*Work order:*
Return, from the listing below, each line where the word "that" appears.

*Supplied data:*
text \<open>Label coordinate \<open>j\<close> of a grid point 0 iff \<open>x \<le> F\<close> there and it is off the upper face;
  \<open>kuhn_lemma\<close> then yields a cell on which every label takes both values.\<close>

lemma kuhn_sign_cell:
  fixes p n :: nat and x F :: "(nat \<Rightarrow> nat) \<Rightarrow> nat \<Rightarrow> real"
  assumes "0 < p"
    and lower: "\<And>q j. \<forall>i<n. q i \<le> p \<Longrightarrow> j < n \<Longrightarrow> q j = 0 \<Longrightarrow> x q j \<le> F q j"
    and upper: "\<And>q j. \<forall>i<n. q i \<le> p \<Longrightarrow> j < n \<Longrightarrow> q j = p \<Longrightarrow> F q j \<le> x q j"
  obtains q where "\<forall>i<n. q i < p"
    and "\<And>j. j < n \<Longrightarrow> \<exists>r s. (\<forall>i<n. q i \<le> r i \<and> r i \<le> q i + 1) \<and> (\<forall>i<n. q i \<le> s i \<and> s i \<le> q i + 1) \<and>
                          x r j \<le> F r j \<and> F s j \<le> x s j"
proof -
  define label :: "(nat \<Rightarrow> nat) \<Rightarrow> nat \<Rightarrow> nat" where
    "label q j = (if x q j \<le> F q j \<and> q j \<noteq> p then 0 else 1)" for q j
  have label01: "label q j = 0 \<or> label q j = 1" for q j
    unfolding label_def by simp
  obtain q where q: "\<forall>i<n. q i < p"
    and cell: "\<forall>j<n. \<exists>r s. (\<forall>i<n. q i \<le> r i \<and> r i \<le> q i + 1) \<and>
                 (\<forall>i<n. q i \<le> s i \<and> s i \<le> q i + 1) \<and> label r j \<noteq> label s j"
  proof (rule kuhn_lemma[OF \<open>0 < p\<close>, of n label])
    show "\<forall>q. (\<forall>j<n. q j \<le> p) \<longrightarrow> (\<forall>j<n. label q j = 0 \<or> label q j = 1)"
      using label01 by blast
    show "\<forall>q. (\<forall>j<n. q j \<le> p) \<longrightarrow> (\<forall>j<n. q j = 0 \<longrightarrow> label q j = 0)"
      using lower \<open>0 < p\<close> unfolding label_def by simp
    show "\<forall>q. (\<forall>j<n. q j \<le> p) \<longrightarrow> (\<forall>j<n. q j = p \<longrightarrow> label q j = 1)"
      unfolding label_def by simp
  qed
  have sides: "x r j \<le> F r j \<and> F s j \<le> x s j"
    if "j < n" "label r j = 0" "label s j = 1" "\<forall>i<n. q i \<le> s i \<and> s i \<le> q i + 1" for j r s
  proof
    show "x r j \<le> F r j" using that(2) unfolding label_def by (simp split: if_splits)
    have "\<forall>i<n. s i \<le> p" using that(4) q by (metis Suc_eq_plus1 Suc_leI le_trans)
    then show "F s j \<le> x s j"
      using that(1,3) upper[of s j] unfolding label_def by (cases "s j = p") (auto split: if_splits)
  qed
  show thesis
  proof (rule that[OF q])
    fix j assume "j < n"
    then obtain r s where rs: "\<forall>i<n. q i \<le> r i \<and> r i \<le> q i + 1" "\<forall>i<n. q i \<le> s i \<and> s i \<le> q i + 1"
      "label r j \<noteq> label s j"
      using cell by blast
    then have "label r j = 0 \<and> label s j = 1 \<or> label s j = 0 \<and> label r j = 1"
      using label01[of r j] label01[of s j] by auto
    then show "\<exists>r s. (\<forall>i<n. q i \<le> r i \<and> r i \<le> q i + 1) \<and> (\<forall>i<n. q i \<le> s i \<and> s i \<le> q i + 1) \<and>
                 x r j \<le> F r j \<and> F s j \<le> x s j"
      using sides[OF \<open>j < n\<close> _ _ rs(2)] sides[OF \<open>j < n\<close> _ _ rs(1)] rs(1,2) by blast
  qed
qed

--

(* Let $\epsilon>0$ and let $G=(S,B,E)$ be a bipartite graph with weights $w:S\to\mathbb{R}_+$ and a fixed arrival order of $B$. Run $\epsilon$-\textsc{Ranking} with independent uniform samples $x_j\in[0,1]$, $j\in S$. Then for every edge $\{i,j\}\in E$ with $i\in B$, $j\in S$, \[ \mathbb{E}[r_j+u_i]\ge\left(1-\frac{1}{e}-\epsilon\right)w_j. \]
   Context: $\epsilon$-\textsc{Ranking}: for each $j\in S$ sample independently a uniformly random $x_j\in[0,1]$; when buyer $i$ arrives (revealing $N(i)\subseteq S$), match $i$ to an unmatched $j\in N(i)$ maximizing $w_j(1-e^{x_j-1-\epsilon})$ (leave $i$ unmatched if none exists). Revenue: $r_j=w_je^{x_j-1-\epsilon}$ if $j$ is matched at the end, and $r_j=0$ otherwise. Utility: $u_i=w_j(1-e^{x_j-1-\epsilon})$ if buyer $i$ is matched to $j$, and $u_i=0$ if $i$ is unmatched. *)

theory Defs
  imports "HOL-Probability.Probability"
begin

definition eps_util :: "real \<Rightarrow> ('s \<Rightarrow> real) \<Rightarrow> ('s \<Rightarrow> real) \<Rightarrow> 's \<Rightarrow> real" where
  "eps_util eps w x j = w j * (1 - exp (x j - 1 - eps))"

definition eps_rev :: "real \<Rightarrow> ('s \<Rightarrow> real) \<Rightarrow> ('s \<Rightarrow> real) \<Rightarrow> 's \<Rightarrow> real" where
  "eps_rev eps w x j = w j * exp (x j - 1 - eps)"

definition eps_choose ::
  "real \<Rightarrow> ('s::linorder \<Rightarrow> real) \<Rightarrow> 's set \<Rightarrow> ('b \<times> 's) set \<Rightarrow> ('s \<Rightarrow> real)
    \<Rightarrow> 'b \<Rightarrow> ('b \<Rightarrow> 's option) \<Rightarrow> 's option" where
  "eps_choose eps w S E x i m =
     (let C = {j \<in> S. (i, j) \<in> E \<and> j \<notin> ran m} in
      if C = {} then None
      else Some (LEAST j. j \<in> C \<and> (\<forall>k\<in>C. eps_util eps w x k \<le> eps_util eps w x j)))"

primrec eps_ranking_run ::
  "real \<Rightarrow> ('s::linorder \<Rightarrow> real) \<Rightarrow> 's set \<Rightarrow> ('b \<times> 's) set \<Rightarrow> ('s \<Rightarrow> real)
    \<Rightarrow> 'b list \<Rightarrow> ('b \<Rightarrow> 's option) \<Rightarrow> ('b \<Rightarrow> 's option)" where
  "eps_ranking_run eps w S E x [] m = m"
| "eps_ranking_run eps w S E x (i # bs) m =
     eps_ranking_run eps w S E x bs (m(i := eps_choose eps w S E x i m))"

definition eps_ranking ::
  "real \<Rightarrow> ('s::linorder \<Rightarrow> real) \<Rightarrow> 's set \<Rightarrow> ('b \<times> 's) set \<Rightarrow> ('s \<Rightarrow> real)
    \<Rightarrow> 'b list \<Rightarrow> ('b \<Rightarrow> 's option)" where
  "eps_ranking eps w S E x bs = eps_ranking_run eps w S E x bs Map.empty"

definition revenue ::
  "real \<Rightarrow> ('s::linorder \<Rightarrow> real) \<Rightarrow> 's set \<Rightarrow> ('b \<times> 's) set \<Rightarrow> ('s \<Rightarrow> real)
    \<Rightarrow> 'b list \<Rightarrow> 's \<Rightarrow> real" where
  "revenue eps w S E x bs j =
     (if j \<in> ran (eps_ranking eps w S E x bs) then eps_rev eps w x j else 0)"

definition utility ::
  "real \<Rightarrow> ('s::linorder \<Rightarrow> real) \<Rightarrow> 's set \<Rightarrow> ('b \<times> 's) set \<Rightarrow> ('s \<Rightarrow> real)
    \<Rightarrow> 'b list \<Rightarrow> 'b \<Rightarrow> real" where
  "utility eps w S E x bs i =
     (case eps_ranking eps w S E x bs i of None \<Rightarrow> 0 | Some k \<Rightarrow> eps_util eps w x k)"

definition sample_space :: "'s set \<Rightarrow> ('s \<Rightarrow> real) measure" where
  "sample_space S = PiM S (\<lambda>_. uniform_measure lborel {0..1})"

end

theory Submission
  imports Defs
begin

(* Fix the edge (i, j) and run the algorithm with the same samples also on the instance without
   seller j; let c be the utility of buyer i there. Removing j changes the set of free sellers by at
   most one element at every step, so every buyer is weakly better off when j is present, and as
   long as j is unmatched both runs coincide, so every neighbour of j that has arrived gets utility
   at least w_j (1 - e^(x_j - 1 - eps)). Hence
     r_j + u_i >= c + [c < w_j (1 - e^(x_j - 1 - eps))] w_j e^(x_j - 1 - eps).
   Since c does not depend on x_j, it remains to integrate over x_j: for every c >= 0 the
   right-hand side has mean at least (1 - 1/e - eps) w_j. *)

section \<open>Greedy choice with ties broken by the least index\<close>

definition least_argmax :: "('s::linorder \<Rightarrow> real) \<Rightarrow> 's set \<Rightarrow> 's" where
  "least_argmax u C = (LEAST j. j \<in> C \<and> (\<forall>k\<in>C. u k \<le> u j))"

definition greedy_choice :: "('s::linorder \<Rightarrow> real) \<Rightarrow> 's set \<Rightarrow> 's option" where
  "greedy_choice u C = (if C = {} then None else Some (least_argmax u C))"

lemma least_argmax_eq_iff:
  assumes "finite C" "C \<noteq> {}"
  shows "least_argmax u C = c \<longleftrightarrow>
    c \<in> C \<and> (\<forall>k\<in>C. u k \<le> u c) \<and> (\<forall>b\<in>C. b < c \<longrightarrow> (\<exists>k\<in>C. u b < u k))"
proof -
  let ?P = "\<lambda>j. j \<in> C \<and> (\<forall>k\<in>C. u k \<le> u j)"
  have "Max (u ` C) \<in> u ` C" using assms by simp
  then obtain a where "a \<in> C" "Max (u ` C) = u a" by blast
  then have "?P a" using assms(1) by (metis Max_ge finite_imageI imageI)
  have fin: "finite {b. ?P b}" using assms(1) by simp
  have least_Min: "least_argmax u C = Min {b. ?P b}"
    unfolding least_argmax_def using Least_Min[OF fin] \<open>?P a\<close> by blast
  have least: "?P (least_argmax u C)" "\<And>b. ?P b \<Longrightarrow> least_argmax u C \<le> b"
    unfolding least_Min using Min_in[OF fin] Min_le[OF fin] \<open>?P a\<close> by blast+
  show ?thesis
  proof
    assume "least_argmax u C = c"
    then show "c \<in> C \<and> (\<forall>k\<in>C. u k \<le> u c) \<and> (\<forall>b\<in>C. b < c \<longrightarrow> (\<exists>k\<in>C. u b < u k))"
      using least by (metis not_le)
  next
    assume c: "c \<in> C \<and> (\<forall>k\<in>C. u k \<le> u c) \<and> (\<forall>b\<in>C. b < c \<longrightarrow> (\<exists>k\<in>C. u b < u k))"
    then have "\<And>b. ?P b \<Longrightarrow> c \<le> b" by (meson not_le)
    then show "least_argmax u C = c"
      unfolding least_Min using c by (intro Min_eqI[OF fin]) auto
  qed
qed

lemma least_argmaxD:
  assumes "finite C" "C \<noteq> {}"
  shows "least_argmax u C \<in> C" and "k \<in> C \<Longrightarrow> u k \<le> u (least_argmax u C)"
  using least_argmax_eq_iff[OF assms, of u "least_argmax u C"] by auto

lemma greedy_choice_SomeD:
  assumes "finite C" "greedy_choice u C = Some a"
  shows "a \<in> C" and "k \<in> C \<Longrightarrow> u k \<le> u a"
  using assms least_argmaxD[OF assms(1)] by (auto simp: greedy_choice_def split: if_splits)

*Result of the task:*
    show "x r j \<le> F r j" using that(2) unfolding label_def by (simp split: if_splits)
    have "\<forall>i<n. s i \<le> p" using that(4) q by (metis Suc_eq_plus1 Suc_leI le_trans)
      using that(1,3) upper[of s j] unfolding label_def by (cases "s j = p") (auto split: if_splits)
  proof (rule that[OF q])
   long as j is unmatched both runs coincide, so every neighbour of j that has arrived gets utility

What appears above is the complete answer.